lemma norm_stress_right_mult_diff_le:
  assumes F: "F \<in> GLp" and P: "P \<in> GLp" and CP: "norm (matrix_inv P) \<le> CP"
    and near: "2 * sqrt CARD('n) * norm (N - mat 1) < min 1 \<delta>"
  shows "norm (stress w F (N ** P) - stress w F P)
    \<le> CP * (4 * real CARD('n) * C5 + 2 * sqrt CARD('n) * C4) * norm (N - mat 1) * (w (F ** matrix_inv P) + 1)"
proof -
  define Pi Ni G r where "Pi = matrix_inv P" and "Ni = matrix_inv N" and "G = F ** Pi"
    and "r = norm (N - mat 1)"
  have G: "G \<in> GLp" using F P by (simp add: G_def Pi_def GLp_mult GLp_matrix_inv)
  have weight: "0 \<le> w G + 1" by (rule weight_nonneg[OF G])
  have r_half: "r \<le> 1/2"
    using near mult_right_mono[of 1 "sqrt CARD('n)" r] by (simp add: r_def)
  have Ni_near: "norm (Ni - mat 1) \<le> 2 * sqrt CARD('n) * r"
    using norm_matrix_inv_minus_id_le r_half by (simp add: Ni_def r_def)
  have Ni_le: "norm Ni \<le> 2 * sqrt CARD('n)"
    using norm_matrix_inv_near_id_le r_half by (simp add: Ni_def r_def)
  have mandel_diff: "norm (mandel w (G ** Ni) - mandel w G) \<le> C5 * (2 * sqrt CARD('n) * r) * (w G + 1)"
  proof -
    have "norm (mandel w (G ** Ni) - mandel w G) \<le> C5 * norm (Ni - mat 1) * (w G + 1)"
      using Ni_near near by (intro norm_mandel_right_mult_diff_le G) (simp add: r_def)
    also have "\<dots> \<le> C5 * (2 * sqrt CARD('n) * r) * (w G + 1)"
      using Ni_near constants_pos weight by (intro mult_right_mono mult_left_mono) auto
    finally show ?thesis .
  qed
  have "matrix_inv (N ** P) = Pi ** Ni"
    using matrix_inv_mult[OF invertible_near_id GLp_invertible[OF P]] r_half
    by (simp add: Pi_def Ni_def r_def)
  then have "stress w F (N ** P) - stress w F P
      = - (((mandel w (G ** Ni) - mandel w G) ** transpose Ni
            + mandel w G ** transpose (Ni - mat 1)) ** transpose Pi)"
    by (simp add: stress_def G_def Pi_def matrix_mul_assoc matrix_transpose_mul transpose_diff
        matrix_diff_rdistrib matrix_diff_ldistrib matrix_add_rdistrib)
  then have "norm (stress w F (N ** P) - stress w F P)
      \<le> norm ((mandel w (G ** Ni) - mandel w G) ** transpose Ni
            + mandel w G ** transpose (Ni - mat 1)) * norm Pi"
    using norm_matrix_mult_le[of "(mandel w (G ** Ni) - mandel w G) ** transpose Ni
        + mandel w G ** transpose (Ni - mat 1)" "transpose Pi"] by (simp add: norm_transpose)
  also have "\<dots> \<le> (norm (mandel w (G ** Ni) - mandel w G) * norm Ni
      + norm (mandel w G) * norm (Ni - mat 1)) * norm Pi"
  proof (rule mult_right_mono[OF _ norm_ge_zero])
    show "norm ((mandel w (G ** Ni) - mandel w G) ** transpose Ni
            + mandel w G ** transpose (Ni - mat 1))
      \<le> norm (mandel w (G ** Ni) - mandel w G) * norm Ni + norm (mandel w G) * norm (Ni - mat 1)"
      using norm_matrix_mult_add_le[of "mandel w (G ** Ni) - mandel w G" "transpose Ni"
          "mandel w G ** transpose (Ni - mat 1)"]
        norm_matrix_mult_le[of "mandel w G" "transpose (Ni - mat 1)"]
      by (simp add: norm_transpose)
  qed
  also have "\<dots> \<le> ((C5 * (2 * sqrt CARD('n) * r) * (w G + 1)) * (2 * sqrt CARD('n))
      + (C4 * (w G + 1)) * (2 * sqrt CARD('n) * r)) * CP"
  proof (rule mult_mono[OF add_mono])
    show "norm (mandel w (G ** Ni) - mandel w G) * norm Ni
        \<le> (C5 * (2 * sqrt CARD('n) * r) * (w G + 1)) * (2 * sqrt CARD('n))"
      by (rule mult_mono[OF mandel_diff Ni_le]) (use constants_pos weight in \<open>auto simp: r_def\<close>)
    show "norm (mandel w G) * norm (Ni - mat 1) \<le> (C4 * (w G + 1)) * (2 * sqrt CARD('n) * r)"
      by (rule mult_mono[OF norm_mandel_le[OF G] Ni_near]) (use constants_pos weight in auto)
  qed (use CP constants_pos weight in
      \<open>auto simp: Pi_def r_def intro!: add_nonneg_nonneg mult_nonneg_nonneg\<close>)
  also have "\<dots> = CP * (4 * (sqrt CARD('n) * sqrt CARD('n)) * C5 + 2 * sqrt CARD('n) * C4) * r * (w G + 1)"
    by (simp add: algebra_simps)
  also have "sqrt CARD('n) * sqrt CARD('n) = CARD('n)" by simp
  finally show ?thesis by (simp add: r_def G_def Pi_def)
qed

lemma norm_pulled_back_grad_diff_le:
  assumes G: "G \<in> GLp" and half: "norm (M - mat 1) \<le> 1/2" and small: "norm (M - mat 1) < \<delta>"
  shows "norm (transpose G ** grad_mat w (G ** M) - mandel w G)
    \<le> (2 * sqrt CARD('n) * (C4 + C5 * \<delta>) + C5) * norm (M - mat 1) * (w G + 1)"
proof -
  define Mi e where "Mi = matrix_inv M" and "e = norm (M - mat 1)"
  have weight: "0 \<le> w G + 1" by (rule weight_nonneg[OF G])
  have mandel_diff: "norm (mandel w (G ** M) - mandel w G) \<le> C5 * e * (w G + 1)"
    using norm_mandel_right_mult_diff_le[OF G small] by (simp add: e_def)
  have "transpose Mi ** mandel w (G ** M) = transpose (M ** Mi) ** transpose G ** grad_mat w (G ** M)"
    by (simp add: mandel_def matrix_transpose_mul matrix_mul_assoc)
  then have pulled_back_eq: "transpose G ** grad_mat w (G ** M) - mandel w G
      = transpose (Mi - mat 1) ** mandel w (G ** M) + (mandel w (G ** M) - mandel w G)"
    by (simp add: Mi_def matrix_inv_right invertible_near_id[OF half] transpose_diff
        matrix_diff_rdistrib)
  have "norm (transpose G ** grad_mat w (G ** M) - mandel w G)
      \<le> norm (Mi - mat 1) * norm (mandel w (G ** M)) + norm (mandel w (G ** M) - mandel w G)"
    unfolding pulled_back_eq
    using norm_matrix_mult_add_le[of "transpose (Mi - mat 1)" "mandel w (G ** M)"
        "mandel w (G ** M) - mandel w G"] by (simp only: norm_transpose)
  also have "\<dots> \<le> (2 * sqrt CARD('n) * e) * ((C4 + C5 * \<delta>) * (w G + 1)) + C5 * e * (w G + 1)"
  proof (intro add_mono mult_mono mandel_diff)
    show "norm (Mi - mat 1) \<le> 2 * sqrt CARD('n) * e"
      using norm_matrix_inv_minus_id_le[OF half] by (simp add: Mi_def e_def)
    have "C5 * e * (w G + 1) \<le> C5 * \<delta> * (w G + 1)"
      using small constants_pos weight by (intro mult_right_mono mult_left_mono) (auto simp: e_def)
    then show "norm (mandel w (G ** M)) \<le> (C4 + C5 * \<delta>) * (w G + 1)"
      using norm_triangle_sub[of "mandel w (G ** M)" "mandel w G"] norm_mandel_le[OF G] mandel_diff
      by (simp add: algebra_simps)
  qed (use constants_pos weight in \<open>auto simp: e_def\<close>)
  also have "\<dots> = (2 * sqrt CARD('n) * (C4 + C5 * \<delta>) + C5) * e * (w G + 1)"
    by (simp add: algebra_simps)
  finally show ?thesis by (simp add: e_def)
qed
◆ ◆ ◆ ◆
**Your goal:**
Return all lines in the entries above that carry the word "close".

**Exercise result:**
      by (rule mult_mono[OF mandel_diff Ni_le]) (use constants_pos weight in \<open>auto simp: r_def\<close>)
      \<open>auto simp: Pi_def r_def intro!: add_nonneg_nonneg mult_nonneg_nonneg\<close>)
  qed (use constants_pos weight in \<open>auto simp: e_def\<close>)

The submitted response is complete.